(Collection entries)
lemma conv_out_rescale:
  assumes "conv_out c z1 f" and z: "z \<noteq> 0"
  shows "conv_out (\<lambda>j. c j / z powi j) (z * z1) (\<lambda>x. f (x / z))"
  unfolding conv_out_def
proof (intro allI impI)
  fix x assume "cmod (z * z1) < cmod x"
  then have "cmod z1 < cmod (x / z)"
    using z by (simp add: norm_mult norm_divide field_simps)
  then have "(\<lambda>j. norm (c j * (x / z) powi j)) summable_on UNIV \<and>
      ((\<lambda>j. c j * (x / z) powi j) has_sum f (x / z)) UNIV"
    using assms unfolding conv_out_def by blast
  moreover have "c j / z powi j * x powi j = c j * (x / z) powi j" for j
    by (simp add: power_int_divide_distrib)
  ultimately show "(\<lambda>j. norm (c j / z powi j * x powi j)) summable_on UNIV \<and>
      ((\<lambda>j. c j / z powi j * x powi j) has_sum f (x / z)) UNIV"
    by (simp only:)
qed

text \<open>e is the Laurent expansion at the pole s of the rational function whose expansion at
  infinity is c: Y^R and Y^L are the cases s = 0 and s = z'.\<close>

definition pole_expansion :: "complex \<Rightarrow> complex \<Rightarrow> (int \<Rightarrow> complex) \<Rightarrow> (int \<Rightarrow> complex) \<Rightarrow> bool" where
  "pole_expansion z' s c e \<longleftrightarrow>
     (\<exists>f. conv_out c z' f \<and> (\<exists>a b. ratP z' f a b) \<and> laurent0 (cmod z') (\<lambda>x. f (x + s)) e)"

lemma shift_avoids_poles:
  assumes "s \<in> {0, z'}" "0 < cmod x" "cmod x < cmod z'"
  shows "x + s \<noteq> 0" "x + s \<noteq> z'"
proof -
  have "x \<noteq> - z'"
    using assms(3) by auto
  then show "x + s \<noteq> 0" "x + s \<noteq> z'"
    using assms by (auto simp: add_eq_0_iff)
qed

lemma pole_expansion_unique:
  assumes "z' \<noteq> 0" "s \<in> {0, z'}" "pole_expansion z' s c e1" "pole_expansion z' s c e2"
  shows "e1 = e2"
proof -
  obtain f1 a1 b1 where f1: "conv_out c z' f1" "ratP z' f1 a1 b1" "laurent0 (cmod z') (\<lambda>x. f1 (x + s)) e1"
    using assms(3) unfolding pole_expansion_def by blast
  obtain f2 a2 b2 where f2: "conv_out c z' f2" "ratP z' f2 a2 b2" "laurent0 (cmod z') (\<lambda>x. f2 (x + s)) e2"
    using assms(4) unfolding pole_expansion_def by blast
  have "f1 y = f2 y" if "y \<noteq> 0" "y \<noteq> z'" for y
    by (rule ratP_agree_off_poles[OF f1(2) f2(2) conv_out_unique[OF f1(1) f2(1)] that])
  then show ?thesis
    using laurent0_unique[OF _ f1(3) f2(3)] shift_avoids_poles[OF assms(2)] assms(1) by simp
qed

lemma ratP_laurent0_at_0:
  assumes z': "z' \<noteq> 0" and f: "ratP z' f a b"
  obtains e where "laurent0 (cmod z') f e"
proof -
  obtain q where q: "\<forall>x. x \<noteq> 0 \<and> x \<noteq> z' \<longrightarrow> f x = poly q x / (x ^ a * (x - z') ^ b)"
    using f unfolding ratP_def by blast
  have "(\<lambda>x. poly q x / (x - z') ^ b) holomorphic_on ball 0 (cmod z')"
    by (intro holomorphic_intros) (auto simp: dist_norm)
  then obtain e where "laurent0 (cmod z') (\<lambda>x. poly q x / (x - z') ^ b / x ^ a) e"
    using laurent0_holomorphic_div_power z' by (metis zero_less_norm_iff)
  then have "laurent0 (cmod z') f e"
  proof (rule laurent0_cong)
    fix x :: complex assume "0 < cmod x" "cmod x < cmod z'"
    then have "x \<noteq> 0" "x \<noteq> z'"
      by auto
    then show "poly q x / (x - z') ^ b / x ^ a = f x"
      using q by (simp add: field_simps)
  qed
  then show ?thesis
    by (rule that)
qed

lemma ratP_laurent0_at_pole:
  assumes z': "z' \<noteq> 0" and f: "ratP z' f a b"
  obtains e where "laurent0 (cmod z') (\<lambda>x. f (x + z')) e"
proof -
  obtain q where q: "\<forall>x. x \<noteq> 0 \<and> x \<noteq> z' \<longrightarrow> f x = poly q x / (x ^ a * (x - z') ^ b)"
    using f unfolding ratP_def by blast
  have "x + z' \<noteq> 0" if "x \<in> ball 0 (cmod z')" for x
    using that by (auto simp: add_eq_0_iff)
  then have "(\<lambda>x. poly q (x + z') / (x + z') ^ a) holomorphic_on ball 0 (cmod z')"
    by (intro holomorphic_intros) auto
  then obtain e where "laurent0 (cmod z') (\<lambda>x. poly q (x + z') / (x + z') ^ a / x ^ b) e"
    using laurent0_holomorphic_div_power z' by (metis zero_less_norm_iff)
  then have "laurent0 (cmod z') (\<lambda>x. f (x + z')) e"
  proof (rule laurent0_cong)
    fix x :: complex assume "0 < cmod x" "cmod x < cmod z'"
    then have "x + z' \<noteq> 0" "x + z' \<noteq> z'" "x \<noteq> 0"
      using shift_avoids_poles[of z' z' x] by auto
    then have "f (x + z') = poly q (x + z') / ((x + z') ^ a * x ^ b)"
      using q by simp
    then show "poly q (x + z') / (x + z') ^ a / x ^ b = f (x + z')"
      by (simp add: field_simps)
  qed
  then show ?thesis
    by (rule that)
qed

lemma pole_expansion_exists:
  assumes z': "z' \<noteq> 0" and s: "s \<in> {0, z'}" and f: "conv_out c z' f" "ratP z' f a b"
  obtains e where "pole_expansion z' s c e"
proof -
  have "\<exists>e. laurent0 (cmod z') (\<lambda>x. f (x + s)) e"
  proof (cases "s = 0")
    case True
    obtain e where "laurent0 (cmod z') f e"
      by (rule ratP_laurent0_at_0[OF z' f(2)])
    then show ?thesis
      using True by auto
  next
    case False
    obtain e where "laurent0 (cmod z') (\<lambda>x. f (x + z')) e"
      by (rule ratP_laurent0_at_pole[OF z' f(2)])
    then show ?thesis
      using False s by auto
  qed
  then obtain e where "laurent0 (cmod z') (\<lambda>x. f (x + s)) e" ..
  then show ?thesis
    using f that unfolding pole_expansion_def by blast
qed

**Exercise requirements**
The lines above that hold "assumes" are the result; show every one of them.

**Answer box**
  assumes "conv_out c z1 f" and z: "z \<noteq> 0"
  assumes "s \<in> {0, z'}" "0 < cmod x" "cmod x < cmod z'"
  assumes "z' \<noteq> 0" "s \<in> {0, z'}" "pole_expansion z' s c e1" "pole_expansion z' s c e2"
  assumes z': "z' \<noteq> 0" and f: "ratP z' f a b"
  assumes z': "z' \<noteq> 0" and f: "ratP z' f a b"
  assumes z': "z' \<noteq> 0" and s: "s \<in> {0, z'}" and f: "conv_out c z' f" "ratP z' f a b"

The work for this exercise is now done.